**Goal of the exercise**
Each line of the material holding the word "infinity" must be identified and copied.

**Dataset**
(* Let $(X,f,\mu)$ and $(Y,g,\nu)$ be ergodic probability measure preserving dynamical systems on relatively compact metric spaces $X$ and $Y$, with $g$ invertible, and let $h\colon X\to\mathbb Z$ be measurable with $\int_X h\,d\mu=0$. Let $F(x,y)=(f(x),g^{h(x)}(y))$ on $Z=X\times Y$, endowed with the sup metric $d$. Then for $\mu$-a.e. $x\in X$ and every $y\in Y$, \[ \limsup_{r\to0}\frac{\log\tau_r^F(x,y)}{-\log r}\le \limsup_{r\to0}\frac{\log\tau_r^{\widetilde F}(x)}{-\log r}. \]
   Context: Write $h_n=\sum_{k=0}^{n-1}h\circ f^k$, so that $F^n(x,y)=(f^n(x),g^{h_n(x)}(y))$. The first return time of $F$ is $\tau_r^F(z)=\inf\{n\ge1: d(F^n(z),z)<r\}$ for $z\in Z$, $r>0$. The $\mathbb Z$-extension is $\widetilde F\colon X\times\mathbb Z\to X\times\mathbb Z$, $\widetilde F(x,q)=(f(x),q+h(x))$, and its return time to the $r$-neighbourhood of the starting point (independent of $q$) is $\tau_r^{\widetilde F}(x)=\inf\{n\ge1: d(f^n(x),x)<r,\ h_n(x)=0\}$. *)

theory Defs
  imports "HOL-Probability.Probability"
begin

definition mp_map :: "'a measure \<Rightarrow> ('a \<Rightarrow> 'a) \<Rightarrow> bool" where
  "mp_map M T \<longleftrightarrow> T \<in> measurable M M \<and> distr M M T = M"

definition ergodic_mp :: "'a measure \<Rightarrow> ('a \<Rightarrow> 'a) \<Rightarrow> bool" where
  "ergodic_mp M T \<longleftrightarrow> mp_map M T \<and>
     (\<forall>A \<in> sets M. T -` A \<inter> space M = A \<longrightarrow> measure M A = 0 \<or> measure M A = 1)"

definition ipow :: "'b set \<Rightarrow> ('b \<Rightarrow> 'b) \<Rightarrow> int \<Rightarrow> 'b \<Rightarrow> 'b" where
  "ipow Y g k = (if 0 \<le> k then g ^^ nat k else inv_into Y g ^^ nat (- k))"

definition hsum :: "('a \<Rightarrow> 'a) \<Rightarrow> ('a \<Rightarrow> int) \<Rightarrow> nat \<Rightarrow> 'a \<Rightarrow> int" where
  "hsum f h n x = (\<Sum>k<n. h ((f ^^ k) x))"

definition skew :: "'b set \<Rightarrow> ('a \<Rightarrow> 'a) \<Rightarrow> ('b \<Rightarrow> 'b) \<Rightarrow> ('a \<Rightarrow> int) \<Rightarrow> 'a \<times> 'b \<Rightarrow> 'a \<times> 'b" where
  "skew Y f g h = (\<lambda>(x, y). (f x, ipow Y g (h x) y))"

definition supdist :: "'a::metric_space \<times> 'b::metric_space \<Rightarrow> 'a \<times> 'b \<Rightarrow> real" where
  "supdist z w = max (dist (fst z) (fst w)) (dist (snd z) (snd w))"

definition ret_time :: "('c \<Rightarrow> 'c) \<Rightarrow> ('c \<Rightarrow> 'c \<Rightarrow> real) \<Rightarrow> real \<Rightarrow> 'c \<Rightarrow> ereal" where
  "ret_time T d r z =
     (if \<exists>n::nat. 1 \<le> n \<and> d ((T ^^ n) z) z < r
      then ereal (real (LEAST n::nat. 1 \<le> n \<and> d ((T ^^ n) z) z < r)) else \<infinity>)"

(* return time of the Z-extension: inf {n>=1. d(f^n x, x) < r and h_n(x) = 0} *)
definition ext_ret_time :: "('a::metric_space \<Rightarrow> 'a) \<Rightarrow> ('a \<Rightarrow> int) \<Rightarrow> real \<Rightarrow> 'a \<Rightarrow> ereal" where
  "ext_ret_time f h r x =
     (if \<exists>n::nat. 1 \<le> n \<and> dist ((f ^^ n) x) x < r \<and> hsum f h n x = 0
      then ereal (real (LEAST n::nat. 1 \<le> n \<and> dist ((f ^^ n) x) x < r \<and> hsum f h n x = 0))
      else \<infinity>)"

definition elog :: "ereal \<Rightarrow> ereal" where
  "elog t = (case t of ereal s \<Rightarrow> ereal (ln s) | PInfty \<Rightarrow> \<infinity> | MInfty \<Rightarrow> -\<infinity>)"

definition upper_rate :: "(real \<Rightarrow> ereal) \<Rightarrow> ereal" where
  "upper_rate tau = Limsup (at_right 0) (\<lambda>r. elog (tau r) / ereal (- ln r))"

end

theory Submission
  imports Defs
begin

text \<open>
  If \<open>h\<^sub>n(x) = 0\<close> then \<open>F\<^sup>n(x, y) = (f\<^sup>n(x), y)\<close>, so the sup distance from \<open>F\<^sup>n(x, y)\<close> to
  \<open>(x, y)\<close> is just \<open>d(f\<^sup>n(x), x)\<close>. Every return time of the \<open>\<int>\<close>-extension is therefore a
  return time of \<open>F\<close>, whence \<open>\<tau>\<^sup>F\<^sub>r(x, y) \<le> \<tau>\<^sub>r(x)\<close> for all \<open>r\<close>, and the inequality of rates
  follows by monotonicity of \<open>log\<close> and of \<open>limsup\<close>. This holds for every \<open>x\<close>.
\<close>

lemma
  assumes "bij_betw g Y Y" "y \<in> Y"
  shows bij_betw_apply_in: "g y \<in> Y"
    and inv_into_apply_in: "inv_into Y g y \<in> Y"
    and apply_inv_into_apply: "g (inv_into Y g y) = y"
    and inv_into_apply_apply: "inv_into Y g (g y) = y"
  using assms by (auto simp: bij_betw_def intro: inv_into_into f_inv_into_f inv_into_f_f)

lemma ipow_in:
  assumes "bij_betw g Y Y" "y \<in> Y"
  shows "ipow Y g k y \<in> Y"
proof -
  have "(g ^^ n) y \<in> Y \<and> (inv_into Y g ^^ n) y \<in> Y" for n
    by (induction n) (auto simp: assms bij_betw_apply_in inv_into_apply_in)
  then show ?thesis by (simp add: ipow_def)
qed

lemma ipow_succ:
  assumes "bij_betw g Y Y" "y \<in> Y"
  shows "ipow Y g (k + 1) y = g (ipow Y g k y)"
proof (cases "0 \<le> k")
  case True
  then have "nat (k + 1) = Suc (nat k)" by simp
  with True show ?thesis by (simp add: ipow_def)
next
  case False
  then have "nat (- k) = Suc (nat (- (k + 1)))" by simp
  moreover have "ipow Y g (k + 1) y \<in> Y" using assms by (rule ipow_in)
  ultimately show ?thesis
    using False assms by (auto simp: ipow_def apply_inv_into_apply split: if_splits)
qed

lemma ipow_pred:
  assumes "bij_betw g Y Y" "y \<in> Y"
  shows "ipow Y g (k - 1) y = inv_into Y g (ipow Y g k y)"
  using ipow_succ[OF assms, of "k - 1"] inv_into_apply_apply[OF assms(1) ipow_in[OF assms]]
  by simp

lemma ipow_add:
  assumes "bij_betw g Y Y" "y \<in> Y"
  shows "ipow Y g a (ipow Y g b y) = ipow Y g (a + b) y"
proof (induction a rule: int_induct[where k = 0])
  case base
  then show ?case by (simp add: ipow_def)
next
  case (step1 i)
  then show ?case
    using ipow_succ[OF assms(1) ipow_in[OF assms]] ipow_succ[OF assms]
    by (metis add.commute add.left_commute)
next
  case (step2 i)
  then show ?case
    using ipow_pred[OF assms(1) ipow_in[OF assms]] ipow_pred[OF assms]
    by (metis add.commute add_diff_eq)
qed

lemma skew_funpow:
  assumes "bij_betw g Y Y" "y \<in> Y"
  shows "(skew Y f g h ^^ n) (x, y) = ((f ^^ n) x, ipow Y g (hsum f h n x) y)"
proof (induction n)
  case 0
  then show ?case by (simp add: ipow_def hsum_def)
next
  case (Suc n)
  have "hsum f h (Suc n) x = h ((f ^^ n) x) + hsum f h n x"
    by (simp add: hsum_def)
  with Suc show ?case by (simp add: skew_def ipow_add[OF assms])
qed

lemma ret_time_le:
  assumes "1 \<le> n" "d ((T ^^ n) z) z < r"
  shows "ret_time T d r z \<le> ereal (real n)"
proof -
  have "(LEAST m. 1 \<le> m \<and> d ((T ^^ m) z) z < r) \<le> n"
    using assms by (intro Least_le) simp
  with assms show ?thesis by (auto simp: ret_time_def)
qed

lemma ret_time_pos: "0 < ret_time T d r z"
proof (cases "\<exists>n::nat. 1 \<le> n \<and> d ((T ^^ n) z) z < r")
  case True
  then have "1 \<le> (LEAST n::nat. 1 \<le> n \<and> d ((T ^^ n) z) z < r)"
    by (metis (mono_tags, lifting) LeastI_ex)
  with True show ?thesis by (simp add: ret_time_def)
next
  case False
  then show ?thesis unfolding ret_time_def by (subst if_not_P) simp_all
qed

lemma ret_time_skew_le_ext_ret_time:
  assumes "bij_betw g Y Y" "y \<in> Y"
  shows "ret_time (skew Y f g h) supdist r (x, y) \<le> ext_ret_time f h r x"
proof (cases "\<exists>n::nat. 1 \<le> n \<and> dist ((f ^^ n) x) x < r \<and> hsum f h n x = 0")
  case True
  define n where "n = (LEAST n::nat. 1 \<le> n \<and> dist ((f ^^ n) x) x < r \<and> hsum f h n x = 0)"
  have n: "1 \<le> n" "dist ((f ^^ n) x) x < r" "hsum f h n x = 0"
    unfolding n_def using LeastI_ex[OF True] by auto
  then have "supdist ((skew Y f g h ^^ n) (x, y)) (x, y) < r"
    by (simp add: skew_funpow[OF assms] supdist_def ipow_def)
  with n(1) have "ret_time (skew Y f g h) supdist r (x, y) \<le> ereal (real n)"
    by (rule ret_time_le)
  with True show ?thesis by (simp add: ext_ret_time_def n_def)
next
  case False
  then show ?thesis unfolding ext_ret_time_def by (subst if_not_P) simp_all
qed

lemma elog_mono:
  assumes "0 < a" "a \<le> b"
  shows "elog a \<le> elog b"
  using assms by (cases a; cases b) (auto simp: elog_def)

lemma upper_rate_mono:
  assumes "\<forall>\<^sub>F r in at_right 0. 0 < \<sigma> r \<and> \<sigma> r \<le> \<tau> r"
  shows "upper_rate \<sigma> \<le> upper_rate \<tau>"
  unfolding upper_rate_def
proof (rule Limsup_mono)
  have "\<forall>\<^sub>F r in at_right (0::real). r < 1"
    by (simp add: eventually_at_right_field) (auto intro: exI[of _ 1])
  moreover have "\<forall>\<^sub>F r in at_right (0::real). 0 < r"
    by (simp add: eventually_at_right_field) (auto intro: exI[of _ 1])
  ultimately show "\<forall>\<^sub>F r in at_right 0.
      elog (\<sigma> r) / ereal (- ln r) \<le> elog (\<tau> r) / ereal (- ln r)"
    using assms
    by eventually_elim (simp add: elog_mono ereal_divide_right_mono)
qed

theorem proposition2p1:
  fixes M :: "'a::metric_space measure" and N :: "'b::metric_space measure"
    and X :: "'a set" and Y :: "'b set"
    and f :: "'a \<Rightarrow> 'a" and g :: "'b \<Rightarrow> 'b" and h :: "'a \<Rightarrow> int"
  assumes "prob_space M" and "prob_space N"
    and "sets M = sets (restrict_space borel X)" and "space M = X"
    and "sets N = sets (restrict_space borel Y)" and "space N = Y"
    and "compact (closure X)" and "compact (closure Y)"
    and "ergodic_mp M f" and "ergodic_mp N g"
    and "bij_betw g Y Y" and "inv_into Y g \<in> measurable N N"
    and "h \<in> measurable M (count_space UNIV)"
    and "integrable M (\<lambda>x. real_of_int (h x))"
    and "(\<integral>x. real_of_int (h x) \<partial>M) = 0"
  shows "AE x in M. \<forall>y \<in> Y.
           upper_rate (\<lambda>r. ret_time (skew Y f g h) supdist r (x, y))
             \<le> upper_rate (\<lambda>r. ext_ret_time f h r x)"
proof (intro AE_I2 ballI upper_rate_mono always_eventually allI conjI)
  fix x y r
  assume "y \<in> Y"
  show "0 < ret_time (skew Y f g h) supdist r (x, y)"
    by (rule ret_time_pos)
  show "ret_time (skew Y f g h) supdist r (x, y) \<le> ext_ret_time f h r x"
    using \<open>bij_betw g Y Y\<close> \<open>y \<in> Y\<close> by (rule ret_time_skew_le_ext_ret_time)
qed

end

==

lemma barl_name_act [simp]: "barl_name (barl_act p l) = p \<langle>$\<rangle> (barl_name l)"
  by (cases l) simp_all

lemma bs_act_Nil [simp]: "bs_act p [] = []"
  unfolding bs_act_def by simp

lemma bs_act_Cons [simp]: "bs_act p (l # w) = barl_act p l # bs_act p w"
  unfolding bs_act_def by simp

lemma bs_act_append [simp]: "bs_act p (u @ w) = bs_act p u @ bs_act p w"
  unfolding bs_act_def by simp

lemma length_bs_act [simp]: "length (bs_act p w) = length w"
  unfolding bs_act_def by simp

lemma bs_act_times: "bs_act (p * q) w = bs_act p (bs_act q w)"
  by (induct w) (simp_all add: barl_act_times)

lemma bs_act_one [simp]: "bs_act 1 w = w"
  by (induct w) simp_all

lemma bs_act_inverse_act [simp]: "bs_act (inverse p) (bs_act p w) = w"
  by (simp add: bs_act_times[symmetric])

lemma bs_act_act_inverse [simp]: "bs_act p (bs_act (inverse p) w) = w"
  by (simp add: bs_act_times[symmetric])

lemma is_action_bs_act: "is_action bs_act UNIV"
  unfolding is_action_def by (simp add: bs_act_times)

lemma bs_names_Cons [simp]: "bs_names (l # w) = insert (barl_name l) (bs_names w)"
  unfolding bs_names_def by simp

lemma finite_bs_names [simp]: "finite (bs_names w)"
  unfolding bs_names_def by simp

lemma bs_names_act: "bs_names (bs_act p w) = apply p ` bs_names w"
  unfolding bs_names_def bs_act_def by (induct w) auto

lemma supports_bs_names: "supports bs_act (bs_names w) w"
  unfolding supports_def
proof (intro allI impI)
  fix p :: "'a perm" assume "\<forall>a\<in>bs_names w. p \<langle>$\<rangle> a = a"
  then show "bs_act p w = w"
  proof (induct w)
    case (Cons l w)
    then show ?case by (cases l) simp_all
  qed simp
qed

---

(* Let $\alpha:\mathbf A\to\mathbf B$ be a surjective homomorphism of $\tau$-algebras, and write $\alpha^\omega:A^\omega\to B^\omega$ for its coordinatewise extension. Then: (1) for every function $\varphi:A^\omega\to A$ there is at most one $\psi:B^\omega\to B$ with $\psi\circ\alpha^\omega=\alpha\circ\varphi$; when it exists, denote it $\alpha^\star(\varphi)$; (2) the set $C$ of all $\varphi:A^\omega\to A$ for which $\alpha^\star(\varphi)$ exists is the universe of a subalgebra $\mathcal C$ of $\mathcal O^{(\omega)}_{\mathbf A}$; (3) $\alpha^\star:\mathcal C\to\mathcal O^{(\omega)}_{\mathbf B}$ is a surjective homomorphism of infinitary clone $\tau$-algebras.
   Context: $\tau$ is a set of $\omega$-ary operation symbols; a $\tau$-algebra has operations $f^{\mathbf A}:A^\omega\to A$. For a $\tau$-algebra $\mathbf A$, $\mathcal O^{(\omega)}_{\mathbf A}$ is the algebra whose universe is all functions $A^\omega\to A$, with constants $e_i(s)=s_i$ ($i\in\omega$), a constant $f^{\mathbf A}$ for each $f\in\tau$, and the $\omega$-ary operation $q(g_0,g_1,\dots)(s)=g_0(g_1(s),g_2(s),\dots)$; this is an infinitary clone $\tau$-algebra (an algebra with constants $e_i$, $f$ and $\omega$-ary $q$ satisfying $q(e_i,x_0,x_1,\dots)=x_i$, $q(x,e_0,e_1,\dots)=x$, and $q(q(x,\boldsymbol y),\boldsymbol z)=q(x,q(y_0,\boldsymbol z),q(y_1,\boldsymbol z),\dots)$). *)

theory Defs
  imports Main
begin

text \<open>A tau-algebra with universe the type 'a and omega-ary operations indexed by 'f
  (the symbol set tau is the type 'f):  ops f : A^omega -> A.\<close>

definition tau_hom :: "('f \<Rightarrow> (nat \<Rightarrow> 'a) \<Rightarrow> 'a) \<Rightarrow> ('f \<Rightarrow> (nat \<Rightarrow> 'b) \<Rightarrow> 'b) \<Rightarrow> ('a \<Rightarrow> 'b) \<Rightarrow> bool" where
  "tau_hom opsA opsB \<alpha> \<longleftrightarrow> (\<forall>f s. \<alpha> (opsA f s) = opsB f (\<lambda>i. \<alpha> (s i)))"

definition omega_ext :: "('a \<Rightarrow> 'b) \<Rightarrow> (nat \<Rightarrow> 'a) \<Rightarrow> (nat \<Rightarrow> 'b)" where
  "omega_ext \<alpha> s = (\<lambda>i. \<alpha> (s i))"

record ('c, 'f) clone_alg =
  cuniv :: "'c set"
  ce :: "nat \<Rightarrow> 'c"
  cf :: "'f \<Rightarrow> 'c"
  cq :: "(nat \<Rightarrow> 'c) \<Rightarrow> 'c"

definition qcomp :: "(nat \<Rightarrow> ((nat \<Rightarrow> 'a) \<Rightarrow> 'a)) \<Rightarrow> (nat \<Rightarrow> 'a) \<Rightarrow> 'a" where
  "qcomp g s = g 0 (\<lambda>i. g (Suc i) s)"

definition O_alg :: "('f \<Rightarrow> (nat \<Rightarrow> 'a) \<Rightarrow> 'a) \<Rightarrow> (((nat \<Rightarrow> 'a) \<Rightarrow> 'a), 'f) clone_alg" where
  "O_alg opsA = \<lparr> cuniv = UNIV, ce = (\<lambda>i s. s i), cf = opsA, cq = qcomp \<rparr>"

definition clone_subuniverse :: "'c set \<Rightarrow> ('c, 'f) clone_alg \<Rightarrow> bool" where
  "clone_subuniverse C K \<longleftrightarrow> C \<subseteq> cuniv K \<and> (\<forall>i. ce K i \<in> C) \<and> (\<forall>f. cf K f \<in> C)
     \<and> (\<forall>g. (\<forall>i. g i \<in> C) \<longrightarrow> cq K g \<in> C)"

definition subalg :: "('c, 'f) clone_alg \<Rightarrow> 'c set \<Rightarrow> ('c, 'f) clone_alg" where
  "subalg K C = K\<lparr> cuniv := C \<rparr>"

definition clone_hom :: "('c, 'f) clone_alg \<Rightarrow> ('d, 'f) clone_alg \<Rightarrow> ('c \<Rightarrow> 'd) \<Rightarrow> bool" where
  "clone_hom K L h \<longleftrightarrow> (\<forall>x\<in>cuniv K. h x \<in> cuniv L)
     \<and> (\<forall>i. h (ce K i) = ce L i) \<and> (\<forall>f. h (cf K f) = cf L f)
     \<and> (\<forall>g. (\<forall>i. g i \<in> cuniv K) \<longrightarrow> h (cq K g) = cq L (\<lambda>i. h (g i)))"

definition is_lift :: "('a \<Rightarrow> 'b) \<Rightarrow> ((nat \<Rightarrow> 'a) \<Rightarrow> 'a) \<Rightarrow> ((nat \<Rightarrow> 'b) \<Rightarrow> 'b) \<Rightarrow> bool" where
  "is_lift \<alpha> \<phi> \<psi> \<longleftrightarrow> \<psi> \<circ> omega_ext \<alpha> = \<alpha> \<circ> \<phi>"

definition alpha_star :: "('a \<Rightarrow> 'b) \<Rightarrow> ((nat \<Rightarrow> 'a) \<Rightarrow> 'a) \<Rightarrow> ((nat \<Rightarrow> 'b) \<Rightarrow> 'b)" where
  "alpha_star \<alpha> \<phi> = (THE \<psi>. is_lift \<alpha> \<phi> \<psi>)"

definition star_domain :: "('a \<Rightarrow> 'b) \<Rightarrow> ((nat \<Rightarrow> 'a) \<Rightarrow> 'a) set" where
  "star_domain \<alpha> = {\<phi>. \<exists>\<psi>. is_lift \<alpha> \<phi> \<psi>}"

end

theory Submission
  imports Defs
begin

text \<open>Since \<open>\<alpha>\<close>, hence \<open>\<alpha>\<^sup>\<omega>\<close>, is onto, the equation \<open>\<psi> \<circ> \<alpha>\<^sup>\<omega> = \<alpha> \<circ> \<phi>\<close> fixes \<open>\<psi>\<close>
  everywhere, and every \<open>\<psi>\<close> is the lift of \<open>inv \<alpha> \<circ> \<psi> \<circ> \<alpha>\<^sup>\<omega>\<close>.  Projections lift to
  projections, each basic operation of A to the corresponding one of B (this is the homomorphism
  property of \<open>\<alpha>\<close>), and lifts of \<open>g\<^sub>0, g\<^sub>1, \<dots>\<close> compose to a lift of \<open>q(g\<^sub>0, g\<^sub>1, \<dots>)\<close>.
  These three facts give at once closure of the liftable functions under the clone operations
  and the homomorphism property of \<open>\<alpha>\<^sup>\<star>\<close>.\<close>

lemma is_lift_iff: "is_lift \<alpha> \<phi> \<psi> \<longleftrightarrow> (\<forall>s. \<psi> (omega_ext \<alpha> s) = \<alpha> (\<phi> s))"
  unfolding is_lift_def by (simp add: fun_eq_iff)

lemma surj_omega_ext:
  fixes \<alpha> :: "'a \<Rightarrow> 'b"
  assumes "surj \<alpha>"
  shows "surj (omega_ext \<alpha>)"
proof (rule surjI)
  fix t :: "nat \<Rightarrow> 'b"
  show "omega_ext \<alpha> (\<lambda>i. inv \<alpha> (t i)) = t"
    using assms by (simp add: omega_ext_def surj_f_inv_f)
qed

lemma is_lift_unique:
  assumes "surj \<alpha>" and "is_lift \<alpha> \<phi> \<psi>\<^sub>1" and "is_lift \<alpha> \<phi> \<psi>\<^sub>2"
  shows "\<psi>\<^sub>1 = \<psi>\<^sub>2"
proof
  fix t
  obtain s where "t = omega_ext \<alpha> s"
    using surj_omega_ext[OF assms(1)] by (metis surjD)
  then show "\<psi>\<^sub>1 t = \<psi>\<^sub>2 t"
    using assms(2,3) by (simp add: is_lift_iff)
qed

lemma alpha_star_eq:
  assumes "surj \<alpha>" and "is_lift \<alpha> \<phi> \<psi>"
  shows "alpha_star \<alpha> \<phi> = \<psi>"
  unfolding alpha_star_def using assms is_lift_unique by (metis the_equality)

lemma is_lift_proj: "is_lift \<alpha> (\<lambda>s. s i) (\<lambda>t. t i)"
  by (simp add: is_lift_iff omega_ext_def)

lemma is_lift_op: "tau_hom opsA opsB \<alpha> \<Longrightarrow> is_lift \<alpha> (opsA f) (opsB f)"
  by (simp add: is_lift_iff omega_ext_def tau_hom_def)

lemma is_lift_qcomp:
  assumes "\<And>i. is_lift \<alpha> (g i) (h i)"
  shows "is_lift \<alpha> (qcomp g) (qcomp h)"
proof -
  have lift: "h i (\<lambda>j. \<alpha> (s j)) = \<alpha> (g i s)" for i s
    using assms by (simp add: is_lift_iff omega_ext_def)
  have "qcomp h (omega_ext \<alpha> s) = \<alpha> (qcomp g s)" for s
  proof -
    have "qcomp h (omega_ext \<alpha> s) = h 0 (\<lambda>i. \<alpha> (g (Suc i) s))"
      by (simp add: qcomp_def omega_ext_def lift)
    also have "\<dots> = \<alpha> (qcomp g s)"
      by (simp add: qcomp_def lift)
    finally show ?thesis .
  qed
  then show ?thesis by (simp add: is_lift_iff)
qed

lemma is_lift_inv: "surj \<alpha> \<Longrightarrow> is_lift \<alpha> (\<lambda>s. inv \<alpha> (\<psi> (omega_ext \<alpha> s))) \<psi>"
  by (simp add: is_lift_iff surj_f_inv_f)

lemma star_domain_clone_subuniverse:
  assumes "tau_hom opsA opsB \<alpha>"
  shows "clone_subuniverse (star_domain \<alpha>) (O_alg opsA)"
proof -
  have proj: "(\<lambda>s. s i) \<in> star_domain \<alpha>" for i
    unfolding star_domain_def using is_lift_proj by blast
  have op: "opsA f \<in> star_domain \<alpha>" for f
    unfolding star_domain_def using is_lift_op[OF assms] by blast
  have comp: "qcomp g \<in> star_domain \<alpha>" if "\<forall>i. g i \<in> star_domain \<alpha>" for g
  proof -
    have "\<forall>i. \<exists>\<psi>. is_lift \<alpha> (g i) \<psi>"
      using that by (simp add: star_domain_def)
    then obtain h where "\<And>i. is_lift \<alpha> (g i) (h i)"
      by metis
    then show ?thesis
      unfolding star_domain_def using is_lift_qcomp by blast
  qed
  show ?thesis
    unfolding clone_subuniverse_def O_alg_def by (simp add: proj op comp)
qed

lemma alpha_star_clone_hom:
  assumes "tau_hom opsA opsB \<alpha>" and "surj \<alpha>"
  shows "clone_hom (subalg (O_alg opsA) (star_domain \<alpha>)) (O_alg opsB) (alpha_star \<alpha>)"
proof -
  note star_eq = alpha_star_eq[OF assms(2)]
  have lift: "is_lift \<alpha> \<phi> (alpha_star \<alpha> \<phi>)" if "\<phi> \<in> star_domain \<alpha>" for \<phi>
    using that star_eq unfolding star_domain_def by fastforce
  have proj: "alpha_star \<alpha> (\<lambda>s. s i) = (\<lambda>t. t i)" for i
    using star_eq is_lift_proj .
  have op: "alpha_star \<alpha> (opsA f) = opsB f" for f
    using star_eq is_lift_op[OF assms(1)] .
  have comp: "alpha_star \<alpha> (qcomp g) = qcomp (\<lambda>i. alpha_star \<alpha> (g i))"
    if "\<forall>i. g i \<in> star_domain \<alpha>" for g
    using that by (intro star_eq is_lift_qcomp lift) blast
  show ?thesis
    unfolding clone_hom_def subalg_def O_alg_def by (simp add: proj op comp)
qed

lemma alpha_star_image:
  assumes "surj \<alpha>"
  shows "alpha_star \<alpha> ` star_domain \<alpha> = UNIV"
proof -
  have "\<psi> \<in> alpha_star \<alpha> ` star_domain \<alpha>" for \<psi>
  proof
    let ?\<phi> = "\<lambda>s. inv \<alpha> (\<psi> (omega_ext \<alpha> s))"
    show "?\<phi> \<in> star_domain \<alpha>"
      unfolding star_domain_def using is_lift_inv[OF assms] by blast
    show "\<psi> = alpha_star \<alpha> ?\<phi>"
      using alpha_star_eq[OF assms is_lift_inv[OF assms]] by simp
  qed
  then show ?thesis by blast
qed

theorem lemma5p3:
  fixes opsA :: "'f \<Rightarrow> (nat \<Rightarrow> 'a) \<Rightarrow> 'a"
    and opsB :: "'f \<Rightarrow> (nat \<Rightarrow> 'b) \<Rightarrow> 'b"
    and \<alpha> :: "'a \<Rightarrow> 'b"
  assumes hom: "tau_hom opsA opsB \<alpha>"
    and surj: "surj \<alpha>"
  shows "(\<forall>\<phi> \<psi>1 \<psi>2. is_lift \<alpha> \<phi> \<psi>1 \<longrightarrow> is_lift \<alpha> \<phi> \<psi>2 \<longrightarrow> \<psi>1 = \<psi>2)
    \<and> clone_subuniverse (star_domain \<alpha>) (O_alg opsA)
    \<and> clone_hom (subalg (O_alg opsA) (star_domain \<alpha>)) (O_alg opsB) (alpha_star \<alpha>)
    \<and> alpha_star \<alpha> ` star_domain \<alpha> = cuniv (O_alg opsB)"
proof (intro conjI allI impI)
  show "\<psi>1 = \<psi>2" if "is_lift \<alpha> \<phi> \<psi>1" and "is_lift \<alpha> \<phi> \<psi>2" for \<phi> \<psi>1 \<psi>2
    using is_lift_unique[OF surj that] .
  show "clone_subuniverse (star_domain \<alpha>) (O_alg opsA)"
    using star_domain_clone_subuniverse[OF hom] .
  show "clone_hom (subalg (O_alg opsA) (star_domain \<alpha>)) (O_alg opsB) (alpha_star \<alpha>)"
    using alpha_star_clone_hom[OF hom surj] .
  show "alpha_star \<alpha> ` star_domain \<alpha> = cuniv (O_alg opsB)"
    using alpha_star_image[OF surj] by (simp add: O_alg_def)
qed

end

**Written solution**
      then ereal (real (LEAST n::nat. 1 \<le> n \<and> d ((T ^^ n) z) z < r)) else \<infinity>)"
      else \<infinity>)"
  "elog t = (case t of ereal s \<Rightarrow> ereal (ln s) | PInfty \<Rightarrow> \<infinity> | MInfty \<Rightarrow> -\<infinity>)"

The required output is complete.